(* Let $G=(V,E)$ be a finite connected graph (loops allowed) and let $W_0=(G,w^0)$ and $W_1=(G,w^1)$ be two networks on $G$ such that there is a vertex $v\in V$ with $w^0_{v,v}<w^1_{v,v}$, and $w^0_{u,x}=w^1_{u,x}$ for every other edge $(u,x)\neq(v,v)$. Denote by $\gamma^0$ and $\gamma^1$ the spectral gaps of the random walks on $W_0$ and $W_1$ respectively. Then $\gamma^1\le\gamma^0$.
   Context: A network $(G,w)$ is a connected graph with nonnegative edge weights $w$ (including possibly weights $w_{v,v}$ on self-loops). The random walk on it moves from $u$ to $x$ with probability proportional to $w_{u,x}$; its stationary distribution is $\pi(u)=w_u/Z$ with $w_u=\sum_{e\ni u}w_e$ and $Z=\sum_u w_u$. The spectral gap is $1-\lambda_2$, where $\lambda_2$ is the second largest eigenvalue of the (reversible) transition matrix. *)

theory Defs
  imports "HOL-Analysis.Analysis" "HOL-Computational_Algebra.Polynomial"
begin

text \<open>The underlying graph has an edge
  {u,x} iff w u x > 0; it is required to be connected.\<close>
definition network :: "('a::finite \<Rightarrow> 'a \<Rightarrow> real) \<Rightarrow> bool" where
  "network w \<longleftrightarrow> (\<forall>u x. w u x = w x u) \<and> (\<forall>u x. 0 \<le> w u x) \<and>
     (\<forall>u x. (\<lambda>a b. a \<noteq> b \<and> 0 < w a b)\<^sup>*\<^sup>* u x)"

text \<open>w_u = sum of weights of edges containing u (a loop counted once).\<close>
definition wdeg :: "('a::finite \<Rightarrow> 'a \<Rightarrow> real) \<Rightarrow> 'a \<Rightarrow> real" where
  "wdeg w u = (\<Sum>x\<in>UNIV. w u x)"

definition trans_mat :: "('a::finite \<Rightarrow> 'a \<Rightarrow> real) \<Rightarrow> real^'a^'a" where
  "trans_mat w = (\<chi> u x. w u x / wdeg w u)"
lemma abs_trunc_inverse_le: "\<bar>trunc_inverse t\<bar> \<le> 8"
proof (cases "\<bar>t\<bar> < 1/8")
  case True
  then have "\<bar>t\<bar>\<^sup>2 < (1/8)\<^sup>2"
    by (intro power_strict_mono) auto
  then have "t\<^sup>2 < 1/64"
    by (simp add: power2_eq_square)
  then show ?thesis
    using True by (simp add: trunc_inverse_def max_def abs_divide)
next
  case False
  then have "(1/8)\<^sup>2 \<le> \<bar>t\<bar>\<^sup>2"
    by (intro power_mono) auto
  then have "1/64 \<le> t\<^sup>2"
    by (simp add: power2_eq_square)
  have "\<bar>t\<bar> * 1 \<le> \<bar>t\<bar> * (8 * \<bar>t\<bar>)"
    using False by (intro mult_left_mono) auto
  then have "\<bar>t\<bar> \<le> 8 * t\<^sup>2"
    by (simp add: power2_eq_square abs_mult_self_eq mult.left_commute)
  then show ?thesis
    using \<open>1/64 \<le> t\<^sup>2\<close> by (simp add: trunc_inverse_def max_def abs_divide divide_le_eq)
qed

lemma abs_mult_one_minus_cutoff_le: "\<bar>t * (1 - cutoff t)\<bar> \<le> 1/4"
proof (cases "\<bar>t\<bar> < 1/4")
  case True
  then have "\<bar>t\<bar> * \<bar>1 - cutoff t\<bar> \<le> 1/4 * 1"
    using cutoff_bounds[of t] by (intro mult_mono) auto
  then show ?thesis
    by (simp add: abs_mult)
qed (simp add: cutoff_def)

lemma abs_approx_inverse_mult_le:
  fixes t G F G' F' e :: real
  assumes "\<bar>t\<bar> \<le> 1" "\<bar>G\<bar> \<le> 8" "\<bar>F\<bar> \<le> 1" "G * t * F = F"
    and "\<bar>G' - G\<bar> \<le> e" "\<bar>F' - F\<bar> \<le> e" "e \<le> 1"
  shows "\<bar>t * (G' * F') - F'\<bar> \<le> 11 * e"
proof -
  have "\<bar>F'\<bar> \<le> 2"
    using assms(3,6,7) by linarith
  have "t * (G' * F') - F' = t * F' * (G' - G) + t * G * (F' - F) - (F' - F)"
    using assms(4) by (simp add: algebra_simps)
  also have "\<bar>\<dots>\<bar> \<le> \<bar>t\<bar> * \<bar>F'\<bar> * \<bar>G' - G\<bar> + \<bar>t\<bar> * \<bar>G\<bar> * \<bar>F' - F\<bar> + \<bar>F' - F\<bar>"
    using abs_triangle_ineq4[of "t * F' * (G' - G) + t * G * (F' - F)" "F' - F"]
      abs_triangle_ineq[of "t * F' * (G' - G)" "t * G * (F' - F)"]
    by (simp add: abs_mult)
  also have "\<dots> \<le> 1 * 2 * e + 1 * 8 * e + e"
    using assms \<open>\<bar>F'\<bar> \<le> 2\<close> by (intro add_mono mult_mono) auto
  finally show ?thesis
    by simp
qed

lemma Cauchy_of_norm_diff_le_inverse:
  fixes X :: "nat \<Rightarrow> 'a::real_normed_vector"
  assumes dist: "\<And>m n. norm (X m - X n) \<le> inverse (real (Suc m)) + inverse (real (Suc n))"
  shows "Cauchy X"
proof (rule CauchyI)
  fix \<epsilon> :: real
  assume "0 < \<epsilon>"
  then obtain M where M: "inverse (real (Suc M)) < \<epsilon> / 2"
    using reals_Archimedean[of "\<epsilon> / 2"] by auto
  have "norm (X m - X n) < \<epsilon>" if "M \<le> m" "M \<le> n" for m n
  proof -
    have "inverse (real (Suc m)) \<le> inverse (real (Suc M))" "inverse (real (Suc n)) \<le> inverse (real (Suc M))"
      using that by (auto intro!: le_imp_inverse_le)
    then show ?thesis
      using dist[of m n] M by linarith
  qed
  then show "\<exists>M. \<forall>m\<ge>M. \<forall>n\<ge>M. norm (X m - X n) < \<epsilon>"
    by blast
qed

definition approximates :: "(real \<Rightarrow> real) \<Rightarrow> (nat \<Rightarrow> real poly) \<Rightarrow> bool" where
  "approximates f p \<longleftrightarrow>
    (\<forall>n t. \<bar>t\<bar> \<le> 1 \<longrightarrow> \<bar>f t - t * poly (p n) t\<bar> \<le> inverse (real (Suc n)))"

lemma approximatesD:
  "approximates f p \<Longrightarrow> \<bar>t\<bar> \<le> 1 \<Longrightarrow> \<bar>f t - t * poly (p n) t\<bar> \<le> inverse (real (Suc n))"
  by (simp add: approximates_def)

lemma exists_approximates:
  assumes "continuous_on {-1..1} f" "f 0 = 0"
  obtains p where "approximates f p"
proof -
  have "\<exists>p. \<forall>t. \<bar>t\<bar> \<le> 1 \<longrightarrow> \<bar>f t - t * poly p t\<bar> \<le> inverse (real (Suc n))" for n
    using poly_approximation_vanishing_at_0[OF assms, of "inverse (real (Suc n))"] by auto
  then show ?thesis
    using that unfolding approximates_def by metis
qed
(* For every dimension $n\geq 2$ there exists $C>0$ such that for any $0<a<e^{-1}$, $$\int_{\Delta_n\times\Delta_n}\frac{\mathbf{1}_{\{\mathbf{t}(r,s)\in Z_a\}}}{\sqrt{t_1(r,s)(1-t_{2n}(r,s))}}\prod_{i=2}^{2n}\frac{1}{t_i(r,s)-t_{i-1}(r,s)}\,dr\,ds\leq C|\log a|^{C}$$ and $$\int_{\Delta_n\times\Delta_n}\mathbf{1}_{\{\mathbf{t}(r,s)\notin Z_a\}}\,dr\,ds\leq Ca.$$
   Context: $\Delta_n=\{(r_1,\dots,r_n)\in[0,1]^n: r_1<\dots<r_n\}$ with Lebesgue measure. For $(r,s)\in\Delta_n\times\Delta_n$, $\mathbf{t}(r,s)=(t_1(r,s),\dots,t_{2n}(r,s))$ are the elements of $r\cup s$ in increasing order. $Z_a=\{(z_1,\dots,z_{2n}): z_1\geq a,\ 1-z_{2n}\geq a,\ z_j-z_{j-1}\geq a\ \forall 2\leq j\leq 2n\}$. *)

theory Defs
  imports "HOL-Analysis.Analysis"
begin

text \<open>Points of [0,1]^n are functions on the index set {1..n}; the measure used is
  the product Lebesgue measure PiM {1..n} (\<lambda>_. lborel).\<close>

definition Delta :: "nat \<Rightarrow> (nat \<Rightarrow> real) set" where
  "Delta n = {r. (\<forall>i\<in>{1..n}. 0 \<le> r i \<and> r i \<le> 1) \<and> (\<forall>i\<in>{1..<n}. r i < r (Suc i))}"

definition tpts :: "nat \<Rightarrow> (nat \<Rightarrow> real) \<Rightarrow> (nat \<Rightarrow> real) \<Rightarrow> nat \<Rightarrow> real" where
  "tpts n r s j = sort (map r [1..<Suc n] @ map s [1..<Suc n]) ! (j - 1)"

#### [ABOUT THIS EXERCISE]
All that is wanted is the stretch of lines above from the one containing "n) \<le> inverse" through the one containing "by (simp add: approximates_def)", duplicated exactly.

#### [FINISHED EXERCISE]
  assumes dist: "\<And>m n. norm (X m - X n) \<le> inverse (real (Suc m)) + inverse (real (Suc n))"
  shows "Cauchy X"
proof (rule CauchyI)
  fix \<epsilon> :: real
  assume "0 < \<epsilon>"
  then obtain M where M: "inverse (real (Suc M)) < \<epsilon> / 2"
    using reals_Archimedean[of "\<epsilon> / 2"] by auto
  have "norm (X m - X n) < \<epsilon>" if "M \<le> m" "M \<le> n" for m n
  proof -
    have "inverse (real (Suc m)) \<le> inverse (real (Suc M))" "inverse (real (Suc n)) \<le> inverse (real (Suc M))"
      using that by (auto intro!: le_imp_inverse_le)
    then show ?thesis
      using dist[of m n] M by linarith
  qed
  then show "\<exists>M. \<forall>m\<ge>M. \<forall>n\<ge>M. norm (X m - X n) < \<epsilon>"
    by blast
qed

definition approximates :: "(real \<Rightarrow> real) \<Rightarrow> (nat \<Rightarrow> real poly) \<Rightarrow> bool" where
  "approximates f p \<longleftrightarrow>
    (\<forall>n t. \<bar>t\<bar> \<le> 1 \<longrightarrow> \<bar>f t - t * poly (p n) t\<bar> \<le> inverse (real (Suc n)))"

lemma approximatesD:
  "approximates f p \<Longrightarrow> \<bar>t\<bar> \<le> 1 \<Longrightarrow> \<bar>f t - t * poly (p n) t\<bar> \<le> inverse (real (Suc n))"
  by (simp add: approximates_def)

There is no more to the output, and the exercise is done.